British newspaper editor

William Pitt Byrne (c. 1806 - 6 or 8 April 1861) was a British newspaper editor and proprietor of The Morning Post.

He graduated from Trinity College, Cambridge with a BA and M.A. He was admitted to the Inner Temple in 1835 and called to the bar in 1839 but never practised law.

His father Nicholas Byrne was his predecessor as editor and proprietor of the Morning Post, about whom there is little biographical information in the historical record. Nicholas Byrne took a strongly pro-Conservative editorial stance, and his son was named after William Pitt the Younger. He was mysteriously attacked by a masked intruder and never fully recovered, dying of his injuries in 1833.

His mother was the Gothic novelist Charlotte Dacre, who had three children with Nicholas: William Pitt Byrne (born 1806), Charles (born 1807) and Mary (born 1809); however the children were not baptised until 1811 and Nicholas and Charlotte did not marry until 1 July 1815. William Pitt Byrne was baptised on 8 Jun 1811 at St. Paul's, Covent Garden.
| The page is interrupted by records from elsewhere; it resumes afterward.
(* Let $(X_m)_{m\in\mathbb{N}}$ be subspaces of $L_2(0,1)$ with $\dim X_m=m$, and let $Q_m$ denote the orthogonal projection in $L_2(0,1)$ (with its usual inner product) onto $X_m$. Assume there is a constant $L<\infty$ such that $$\inf\{\|x-z\|_0:\ z\in X_m\}\le \frac{L}{m}\|x\|_{1,0}\qquad\text{for all }x\in H_1(0,1),\ m\in\mathbb{N}.$$ Let $\sigma>0$, and define $Q_m^\sigma:=D_\sigma Q_m D_\sigma^{-1}$. Then each $Q_m^\sigma$ is an orthogonal projection with respect to $\langle\cdot,\cdot\rangle_\sigma$ onto the space $D_\sigma X_m$, and $$\inf\{\|x-z\|_\sigma:\ z\in D_\sigma X_m\}\le \frac{\sqrt2(1+\sigma)L}{m}\|x\|_{1,\sigma}\qquad\text{for all }x\in H_1^\sigma(0,1),\ m\in\mathbb{N}.$$
   Context: All functions are real-valued. For $\sigma\ge0$, $L_2^\sigma(0,1)$ denotes $L_2(0,1)$ equipped with the inner product $\langle x,y\rangle_\sigma=\int_0^1 e^{-2\sigma t}x(t)y(t)\,dt$ and norm $\|x\|_\sigma^2=\int_0^1 e^{-2\sigma t}x(t)^2\,dt$ (so $\|\cdot\|_0$ is the usual $L_2$ norm). $H_1^\sigma(0,1)$ denotes the space of absolutely continuous $x$ with weak derivative $x'\in L_2(0,1)$, with norm $\|x\|_{1,\sigma}:=\frac12\left(\|x\|_\sigma^2+\|x'\|_\sigma^2\right)^{1/2}$; $H_1(0,1)=H_1^0(0,1)$. With $f_\sigma(t)=e^{\sigma t}$, $D_\sigma x:=f_\sigma x$ is the multiplication operator (an isometry from $L_2(0,1)$ onto $L_2^\sigma(0,1)$). *)

theory Defs
  imports "HOL-Analysis.Analysis"
begin

text \<open>Representatives of elements of L2(0,1): Lebesgue measurable, square integrable on [0,1].\<close>
definition L2 :: "(real \<Rightarrow> real) set" where
  "L2 = {x. x \<in> borel_measurable (lebesgue_on {0..1}) \<and>
             integrable (lebesgue_on {0..1}) (\<lambda>t. (x t)\<^sup>2)}"

definition ip :: "real \<Rightarrow> (real \<Rightarrow> real) \<Rightarrow> (real \<Rightarrow> real) \<Rightarrow> real" where
  "ip \<sigma> x y = (LINT t|lebesgue_on {0..1}. exp (-2 * \<sigma> * t) * x t * y t)"

definition nrm :: "real \<Rightarrow> (real \<Rightarrow> real) \<Rightarrow> real" where
  "nrm \<sigma> x = sqrt (ip \<sigma> x x)"

text \<open>H1 membership: x is absolutely continuous on [0,1] with weak derivative x' in L2,
  i.e. x is the indefinite integral of x'.\<close>
definition has_weak_deriv :: "(real \<Rightarrow> real) \<Rightarrow> (real \<Rightarrow> real) \<Rightarrow> bool" where
  "has_weak_deriv x x' \<longleftrightarrow> x' \<in> L2 \<and>
     (\<forall>t\<in>{0..1}. x t = x 0 + (LINT s|lebesgue_on {0..t}. x' s))"

definition nrm1 :: "real \<Rightarrow> (real \<Rightarrow> real) \<Rightarrow> (real \<Rightarrow> real) \<Rightarrow> real" where
  "nrm1 \<sigma> x x' = (1/2) * sqrt ((nrm \<sigma> x)\<^sup>2 + (nrm \<sigma> x')\<^sup>2)"

definition L2_subspace_dim :: "(real \<Rightarrow> real) set \<Rightarrow> nat \<Rightarrow> bool" where
  "L2_subspace_dim X m \<longleftrightarrow> (\<exists>b. (\<forall>i<m. b i \<in> L2) \<and>
     X = {(\<lambda>t. \<Sum>i<m. c i * b i t) | c. True} \<and>
     (\<forall>c. nrm 0 (\<lambda>t. \<Sum>i<m. c i * b i t) = 0 \<longrightarrow> (\<forall>i<m. c i = 0)))"

definition is_orth_proj :: "real \<Rightarrow> ((real \<Rightarrow> real) \<Rightarrow> (real \<Rightarrow> real)) \<Rightarrow> (real \<Rightarrow> real) set \<Rightarrow> bool" where
  "is_orth_proj \<sigma> Q X \<longleftrightarrow> (\<forall>x\<in>L2. Q x \<in> X \<and> (\<forall>z\<in>X. ip \<sigma> (\<lambda>t. x t - Q x t) z = 0))"

definition D :: "real \<Rightarrow> (real \<Rightarrow> real) \<Rightarrow> (real \<Rightarrow> real)" where
  "D \<sigma> x = (\<lambda>t. exp (\<sigma> * t) * x t)"

definition dist_to :: "real \<Rightarrow> (real \<Rightarrow> real) \<Rightarrow> (real \<Rightarrow> real) set \<Rightarrow> real" where
  "dist_to \<sigma> x X = Inf ((\<lambda>z. nrm \<sigma> (\<lambda>t. x t - z t)) ` X)"

end

theory Submission
  imports Defs
begin

text \<open>The weight \<open>exp (-2 \<sigma> t)\<close> of the \<open>\<sigma>\<close>-inner product is cancelled exactly by
  \<open>D \<sigma>\<close>, so \<open>ip \<sigma> (x - D \<sigma> y) (D \<sigma> z) = ip 0 (D (-\<sigma>) x - y) z\<close>. Hence the conjugated
  projection is orthogonal for \<open>ip \<sigma>\<close>, and the \<open>\<sigma>\<close>-distance from \<open>x\<close> to \<open>D \<sigma> ` X\<close>
  is the unweighted distance from \<open>D (-\<sigma>) x\<close> to \<open>X\<close>. By the product rule, \<open>D (-\<sigma>) x\<close>
  has weak derivative \<open>exp (-\<sigma> t) (x' - \<sigma> x)\<close>, whose unweighted squared norm is at most
  \<open>2 \<parallel>x'\<parallel>\<^sub>\<sigma>\<^sup>2 + 2 \<sigma>\<^sup>2 \<parallel>x\<parallel>\<^sub>\<sigma>\<^sup>2\<close>; thus
  \<open>\<parallel>D (-\<sigma>) x\<parallel>\<^sub>1\<^sub>,\<^sub>0 \<le> \<surd>2 (1 + \<sigma>) \<parallel>x\<parallel>\<^sub>1\<^sub>,\<^sub>\<sigma>\<close> and the unweighted
  approximation hypothesis applies. For an absolutely continuous \<open>x\<close> the product rule is an
  instance of Fubini's theorem.\<close>

lemma square_le_of_abs_le: "\<bar>a\<bar> \<le> b \<Longrightarrow> a\<^sup>2 \<le> (b::real)\<^sup>2"
  by (meson abs_ge_self abs_le_square_iff order_trans)

lemma L2_bounded:
  assumes "g \<in> borel_measurable (lebesgue_on {0..1})" and "\<And>t. t \<in> {0..1} \<Longrightarrow> \<bar>g t\<bar> \<le> B"
  shows "g \<in> L2"
  unfolding L2_def
proof (intro CollectI conjI assms)
  show "integrable (lebesgue_on {0..1}) (\<lambda>t. (g t)\<^sup>2)"
  proof (rule Bochner_Integration.integrable_bound[of _ "\<lambda>_. B\<^sup>2"])
    show "integrable (lebesgue_on {0..1}) (\<lambda>_::real. B\<^sup>2)"
      by (rule Lebesgue_Measure.integrable_const_ivl)
    show "(\<lambda>t. (g t)\<^sup>2) \<in> borel_measurable (lebesgue_on {0..1})"
      using assms(1) by measurable
    show "AE t in lebesgue_on {0..1}. norm ((g t)\<^sup>2) \<le> norm (B\<^sup>2)"
      using assms(2) by (intro AE_I2) (simp add: square_le_of_abs_le)
  qed
qed
definition pd :: "2 \<Rightarrow> (real^2 \<Rightarrow> 'a::real_normed_vector) \<Rightarrow> real^2 \<Rightarrow> 'a" where
  "pd j f X = vector_derivative (\<lambda>t. f (X + t *\<^sub>R axis j 1)) (at 0)"

definition jac :: "(real^2 \<Rightarrow> real^2) \<Rightarrow> real^2 \<Rightarrow> real^2^2" where
  "jac v X = (\<chi> a b. (pd b v X) $ a)"

definition stress :: "real \<Rightarrow> real \<Rightarrow> (real^2 \<Rightarrow> real^2) \<Rightarrow> real^2 \<Rightarrow> real^2^2" where
  "stress lam mu v X =
     (lam * ((jac v X)$1$1 + (jac v X)$2$2)) *\<^sub>R mat 1
     + mu *\<^sub>R (jac v X + transpose (jac v X))"

definition on_l :: "real^2 \<Rightarrow> real^2 \<Rightarrow> real^2 \<Rightarrow> bool" where
  "on_l D nbar X = ((X - D) \<bullet> nbar = 0)"

(* Lame parameters selected by the sign s (True = +, False = -) *)
definition lame :: "bool \<Rightarrow> real \<Rightarrow> real \<Rightarrow> real" where
  "lame s ap am = (if s then ap else am)"

(* IFE function: pair (v^+, v^-) of functions in Pi_T *)
definition is_ife :: "elem_kind \<Rightarrow> (real^2) set \<Rightarrow> real^2 \<Rightarrow> real^2 \<Rightarrow> real^2
    \<Rightarrow> real \<Rightarrow> real \<Rightarrow> real \<Rightarrow> real
    \<Rightarrow> (real^2 \<Rightarrow> real^2) \<times> (real^2 \<Rightarrow> real^2) \<Rightarrow> bool" where
  "is_ife K T D nbar F lp mp lm mm v =
     ((\<exists>cp cm. fst v = polyv K cp \<and> snd v = polyv K cm \<and> (K \<noteq> Tri \<longrightarrow> cp 3 = cm 3))
      \<and> (\<forall>Y\<in>T. on_l D nbar Y \<longrightarrow> fst v Y = snd v Y)
      \<and> stress lp mp (fst v) F *v nbar = stress lm mm (snd v) F *v nbar)"

(* T^+ = {X in T. (X - D).nbar >= 0}, T^- = {X in T. (X - D).nbar <= 0};
   value of the piecewise IFE function at a node *)
definition nodal_val :: "real^2 \<Rightarrow> real^2
    \<Rightarrow> (real^2 \<Rightarrow> real^2) \<times> (real^2 \<Rightarrow> real^2) \<Rightarrow> real^2 \<Rightarrow> real^2" where
  "nodal_val D nbar v P = (if (P - D) \<bullet> nbar \<ge> 0 then fst v P else snd v P)"

definition unisolvent :: "elem_kind \<Rightarrow> (real^2) set \<Rightarrow> (nat \<Rightarrow> real^2) \<Rightarrow> real^2 \<Rightarrow> real^2
    \<Rightarrow> real^2 \<Rightarrow> real \<Rightarrow> real \<Rightarrow> real \<Rightarrow> real \<Rightarrow> bool" where
  "unisolvent K T A D nbar F lp mp lm mm =
     (\<forall>w :: nat \<Rightarrow> real^2. \<exists>!v. is_ife K T D nbar F lp mp lm mm v \<and>
         (\<forall>i<nnodes K. nodal_val D nbar v (A i) = w i))"

(* shape function phi_{k,T}, 0 <= k < 2|I| (0-based) *)
definition shape :: "elem_kind \<Rightarrow> (real^2) set \<Rightarrow> (nat \<Rightarrow> real^2) \<Rightarrow> real^2 \<Rightarrow> real^2
    \<Rightarrow> real^2 \<Rightarrow> real \<Rightarrow> real \<Rightarrow> real \<Rightarrow> real \<Rightarrow> nat
    \<Rightarrow> (real^2 \<Rightarrow> real^2) \<times> (real^2 \<Rightarrow> real^2)" where
  "shape K T A D nbar F lp mp lm mm k =
     (THE v. is_ife K T D nbar F lp mp lm mm v \<and>
        (\<forall>j<nnodes K. nodal_val D nbar v (A j) =
            (if k < nnodes K then vector [if j = k then 1 else 0, 0]
             else vector [0, if j + nnodes K = k then 1 else 0])))"

(* Phi^s_i(Y) = [phi_i^s(Y), phi_{i+|I|}^s(Y)] as a 2x2 matrix (columns) *)
definition PhiS :: "elem_kind \<Rightarrow> (real^2) set \<Rightarrow> (nat \<Rightarrow> real^2) \<Rightarrow> real^2 \<Rightarrow> real^2
    \<Rightarrow> real^2 \<Rightarrow> real \<Rightarrow> real \<Rightarrow> real \<Rightarrow> real \<Rightarrow> bool \<Rightarrow> nat \<Rightarrow> real^2 \<Rightarrow> real^2^2" where
  "PhiS K T A D nbar F lp mp lm mm s i Y =
     (let sel = (\<lambda>v. if s then fst v Y else snd v Y);
          c1 = sel (shape K T A D nbar F lp mp lm mm i);
          c2 = sel (shape K T A D nbar F lp mp lm mm (i + nnodes K))
      in transpose (vector [c1, c2]))"

definition Iside :: "elem_kind \<Rightarrow> (nat \<Rightarrow> real^2) \<Rightarrow> real^2 \<Rightarrow> real^2 \<Rightarrow> bool \<Rightarrow> nat set" where
  "Iside K A D nbar s =
     {i. i < nnodes K \<and> (if s then (A i - D) \<bullet> nbar > 0 else (A i - D) \<bullet> nbar < 0)}"

definition Nbar :: "real \<Rightarrow> real \<Rightarrow> real^2 \<Rightarrow> real^4^4" where
  "Nbar lam mu n = vector [
     vector [(lam + 2*mu) * n$1, mu * n$2, mu * n$2, lam * n$1],
     vector [lam * n$2, mu * n$1, mu * n$1, (lam + 2*mu) * n$2],
     vector [- n$2, 0, n$1, 0],
     vector [0, - n$2, 0, n$1]]"

definition Mbar :: "bool \<Rightarrow> real \<Rightarrow> real \<Rightarrow> real \<Rightarrow> real \<Rightarrow> real^2 \<Rightarrow> real^4^4" where
  "Mbar s lp mp lm mm n =
     matrix_inv (Nbar (lame (\<not> s) lp lm) (lame (\<not> s) mp mm) n)
       ** Nbar (lame s lp lm) (lame s mp mm) n"

(* Kronecker product v^T \<otimes> B of a 1x2 row vector and a 2x2 matrix: [v1 B, v2 B] *)
definition kron_row :: "real^2 \<Rightarrow> real^2^2 \<Rightarrow> real^4^2" where
  "kron_row v B = vector [
     vector [v$1 * B$1$1, v$1 * B$1$2, v$2 * B$1$1, v$2 * B$1$2],
     vector [v$1 * B$2$1, v$1 * B$2$2, v$2 * B$2$1, v$2 * B$2$2]]"

definition Iblock :: "2 \<Rightarrow> real^4^2" where
  "Iblock j = (if j = 1 then vector [vector [1, 0, 0, 0], vector [0, 1, 0, 0]]
               else vector [vector [0, 0, 1, 0], vector [0, 0, 0, 1]])"

end

theory Submission
  imports Defs
begin

text \<open>For a test vector \<open>w \<in> \<real>\<^sup>4\<close> let \<open>G\<close>, \<open>G'\<close> be the \<open>2\<times>2\<close> matrices with \<open>vec G = w\<close>
  and \<open>vec G' = M\<^sup>s w\<close>. The definition of \<open>M\<^sup>s\<close> says that \<open>N\<^sup>s' vec G' = N\<^sup>s vec G\<close>: the two
  gradients have the same traction and agree along \<open>l\<close>. Hence the function equal to \<open>G (Y - X)\<close> on
  \<open>T\<^sup>s\<close> and to \<open>G (Y - X) + (G' - G) (Y - D)\<close> on the other side is an IFE function, and by
  unisolvence the shape functions reproduce it from its nodal values. These are \<open>G (A\<^sub>i - X)\<close>,
  plus \<open>(G' - G) (A\<^sub>i - X\<^sub>i)\<close> at the nodes strictly beyond \<open>l\<close> (\<open>X\<^sub>i\<close> may replace \<open>D\<close> since
  \<open>G' - G\<close> vanishes along \<open>l\<close>). Applied to \<open>w\<close>, this says that the left-hand side of the first
  identity, taken at an arbitrary point \<open>Y\<close> instead of \<open>X\<close>, equals \<open>(Y - X)\<^sup>T \<otimes> I\<^sub>2\<close>. Everything
  is a polynomial of degree at most two, so differentiating this identity once and twice and setting
  \<open>Y = X\<close> gives the three claims.\<close>

lemma vector_4 [simp]:
  "(vector [a, b, c, d] :: 'a::zero^4)$1 = a"
  "(vector [a, b, c, d] :: 'a::zero^4)$2 = b"
  "(vector [a, b, c, d] :: 'a::zero^4)$3 = c"
  "(vector [a, b, c, d] :: 'a::zero^4)$4 = d"
  unfolding vector_def by simp_all

lemma pd_eq_has_derivative:
  assumes "(f has_derivative f') (at X)"
  shows "pd j f X = f' (axis j 1)"
proof -
  have "((\<lambda>t::real. X + t *\<^sub>R axis j 1) has_derivative (\<lambda>t. t *\<^sub>R axis j 1)) (at 0)"
    by (auto intro!: derivative_eq_intros)
  from diff_chain_at[OF this] assms
  have "((\<lambda>t. f (X + t *\<^sub>R axis j 1)) has_derivative (\<lambda>t. f' (t *\<^sub>R axis j 1))) (at 0)"
    by (simp add: o_def)
  moreover have "f' (t *\<^sub>R axis j 1) = t *\<^sub>R f' (axis j 1)" for t
    using assms by (simp add: has_derivative_bounded_linear linear_simps)
  ultimately have "((\<lambda>t. f (X + t *\<^sub>R axis j 1)) has_vector_derivative f' (axis j 1)) (at 0)"
    by (simp add: has_vector_derivative_def)
  then show ?thesis
    unfolding pd_def by (rule vector_derivative_at)
qed

lemma pd_const: "pd j (\<lambda>Y. c) X = 0"
  using pd_eq_has_derivative[of "\<lambda>Y. c" "\<lambda>h. 0"] by simp

lemma pd_linear_image:
  assumes "f differentiable (at X)" and "bounded_linear L"
  shows "pd j (\<lambda>Y. L (f Y)) X = L (pd j f X)"
proof -
  obtain f' where f': "(f has_derivative f') (at X)"
    using assms(1) differentiable_def by blast
  show ?thesis
    using pd_eq_has_derivative[OF bounded_linear.has_derivative[OF assms(2) f']]
      pd_eq_has_derivative[OF f'] by simp
qed

lemma pd_add:
  assumes "f differentiable (at X)" and "g differentiable (at X)"
  shows "pd j (\<lambda>Y. f Y + g Y) X = pd j f X + pd j g X"
proof -
  obtain f' g' where f': "(f has_derivative f') (at X)" and g': "(g has_derivative g') (at X)"
    using assms differentiable_def by blast
  show ?thesis
    using pd_eq_has_derivative[OF has_derivative_add[OF f' g']]
      pd_eq_has_derivative[OF f'] pd_eq_has_derivative[OF g'] by simp
qed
He married the writer Julia Clara Busk on 28 April 1842. Her books were sometimes attributed to "Mrs. William Pitt Byrne", and for this reason some sources (particularly online book sellers) mistakenly attribute authorship of her books to her husband.

He broadened the focus of the Morning Post from being a mostly political journal by including more general topics. He ended his connection with the paper prior to his death to follow literary pursuits, contributing to leading journals.

==Memorial fountain and tomb==

After his death, his wife and friends built a memorial fountain in his name in 1862 or 1863, at the south end of Bryanston Square in London; the fountain is still in existence and is a Grade II listed monument. The fountain has an associated plaque.

He was buried in St. Mary's Roman Catholic Cemetery at Kensal Green in London.